Various system shames and thoughts on how they were addressed in the sequel:
Mages and warriors don't get enough incentive to put points into anything other than magic/strength (and enough dex to meet requirements for sword&shield or dual-wielding) whereas rogues have to reach 20 strength to wear the best light armor and sink a bunch of points into cunning and dexterity. Bioware addressed this problem by making only two stats matter for each class. So funny.
Speech as a win button. Removed and good riddance.
As with many RPGs, resources start out as something to consider, then become trivial midway through. The option to win fights with poor tactics simply by slamming down health and mana potions shouldn't exist. For the sequel they gave 'em a 30 second cooldown instead of 5 and closed the exploit that allowed you to ignore the paltry five second cooldown by drinking a different kind of potion. This decision deeply upset a number of posters at the BSN. I say to hell with 'em. They're as bad as people who want degenerate resting.
I completely ignored traps and bombs so no comments there (they seem to be the kind of thing one would only want to use with a no-mage party), but it's terrible how there are some redundant and just plain-bad choices when it comes to poisons like aciding coating, adder's kiss, fleshrot, and soulrot coating (and the lack of transparency in the unmodded version makes this even more annoying). Thankfully streamlined into something sensible in II. It's also nice how they fixed the exploit that allowed you to stack multiple coatings of different poisons.
I don't know what they were thinking with arcane warriors and shapeshifters. With one they thought "Let's give mages the option of being great fighters so they have zero weaknesses!" and with the other they thought "Let's give mages an ability that makes them unable to cast any spells! People like auto-attacking with mages, right?" Good thing those were removed.

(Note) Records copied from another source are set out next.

(* Let $N\geq 1$. The following two statements are equivalent. (A) (Matheron's conjecture) For every symmetric $N\times N$ matrix $\gamma$ with zero diagonal, $\pi(\gamma)\in\mathrm{cone}(0;\mathscr{V}_N^* )$ if and only if $\sum_{i,j=1}^N\gamma_{i,j}e_ie_j\leq 0$ for every $e\in\mathbb{Z}^N$ with $\sum_{i=1}^Ne_i=1$. (B) A symmetric $N\times N$ matrix $\rho$ with $\rho_{i,i}=1$ for all $i$ is a unit covariance if and only if $\sum_{i,j=1}^N\rho_{i,j}e_ie_j\geq 1$ for every $e\in\mathsf{E}_N$, where $\mathsf{E}_N=\{e\in\mathbb{Z}^N:\ \sum_i u_ie_i=1\text{ for some }u\in\{-1,1\}^N\}$.
   Context: A unit field on $[N]=\{1,\dots,N\}$ is a random vector $X\in\{-1,1\}^N$ with unit covariance $\rho^X_{i,j}=\mathbf{E}[X_iX_j]$; a matrix is a unit covariance if it is of this form. For a random subset $Y\subseteq[N]$, its covariogram is $\gamma^Y_{i,j}=\frac12\mathbb{P}(1_Y(i)\neq 1_Y(j))$; $\mathscr{V}_N$ is the set of all such covariograms. $\pi$ maps a symmetric matrix to its supra-diagonal array $(\gamma_{i,j})_{1\le i<j\le N}$, and $\mathscr{V}_N^*=\pi(\mathscr{V}_N)$. For a convex set $C$ and a point $x$, $\mathrm{cone}(x;C)$ is the smallest convex cone with apex $x$ containing $C$, i.e. $\{x+t(c-x): t\geq 0, c\in C\}$. *)

theory Defs
  imports "HOL-Probability.Probability"
begin

text \<open>Indices range over [N] = {1..N}; matrices are functions nat \<Rightarrow> nat \<Rightarrow> real,
  only their values on {1..N} x {1..N} matter. A random vector / random subset is
  represented by its law (a pmf), which is all that covariances/covariograms depend on.\<close>

definition sign_vectors :: "nat \<Rightarrow> (nat \<Rightarrow> int) set" where
  "sign_vectors N = {x. (\<forall>i\<in>{1..N}. x i \<in> {-1, 1}) \<and> (\<forall>i. i \<notin> {1..N} \<longrightarrow> x i = 0)}"

definition unit_field :: "nat \<Rightarrow> (nat \<Rightarrow> int) pmf \<Rightarrow> bool" where
  "unit_field N X \<longleftrightarrow> set_pmf X \<subseteq> sign_vectors N"

definition unit_cov_of :: "(nat \<Rightarrow> int) pmf \<Rightarrow> nat \<Rightarrow> nat \<Rightarrow> real" where
  "unit_cov_of X i j = measure_pmf.expectation X (\<lambda>x. real_of_int (x i * x j))"

definition unit_covariance :: "nat \<Rightarrow> (nat \<Rightarrow> nat \<Rightarrow> real) \<Rightarrow> bool" where
  "unit_covariance N \<rho> \<longleftrightarrow>
     (\<exists>X. unit_field N X \<and> (\<forall>i\<in>{1..N}. \<forall>j\<in>{1..N}. \<rho> i j = unit_cov_of X i j))"

definition random_subset :: "nat \<Rightarrow> nat set pmf \<Rightarrow> bool" where
  "random_subset N Y \<longleftrightarrow> set_pmf Y \<subseteq> Pow {1..N}"

definition covariogram :: "nat set pmf \<Rightarrow> nat \<Rightarrow> nat \<Rightarrow> real" where
  "covariogram Y i j = 1/2 * measure_pmf.prob Y {A. (i \<in> A) \<noteq> (j \<in> A)}"

definition supra :: "nat \<Rightarrow> (nat \<Rightarrow> nat \<Rightarrow> real) \<Rightarrow> (nat \<times> nat \<Rightarrow> real)" where
  "supra N \<gamma> = (\<lambda>(i, j). if 1 \<le> i \<and> i < j \<and> j \<le> N then \<gamma> i j else 0)"

definition covariograms :: "nat \<Rightarrow> (nat \<Rightarrow> nat \<Rightarrow> real) set" where
  "covariograms N = {covariogram Y | Y. random_subset N Y}"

Massive hammers like cone of cold, mana clash, and storm of the century that turn decent set-ups into nails. The first was nerfed (but testing on nightmare, I noticed cold-immune enemies still have a chance of getting frozen; whyoware?), the others removed.
Josh Sawyer presents: Project Eternity: A Josh Sawyer Production is going to be a million times better of course. And now I'm free to turn a critical eye to Icewind Dale and it's likely going to eat into time I could be spending playing Shadowrun Returns damnit.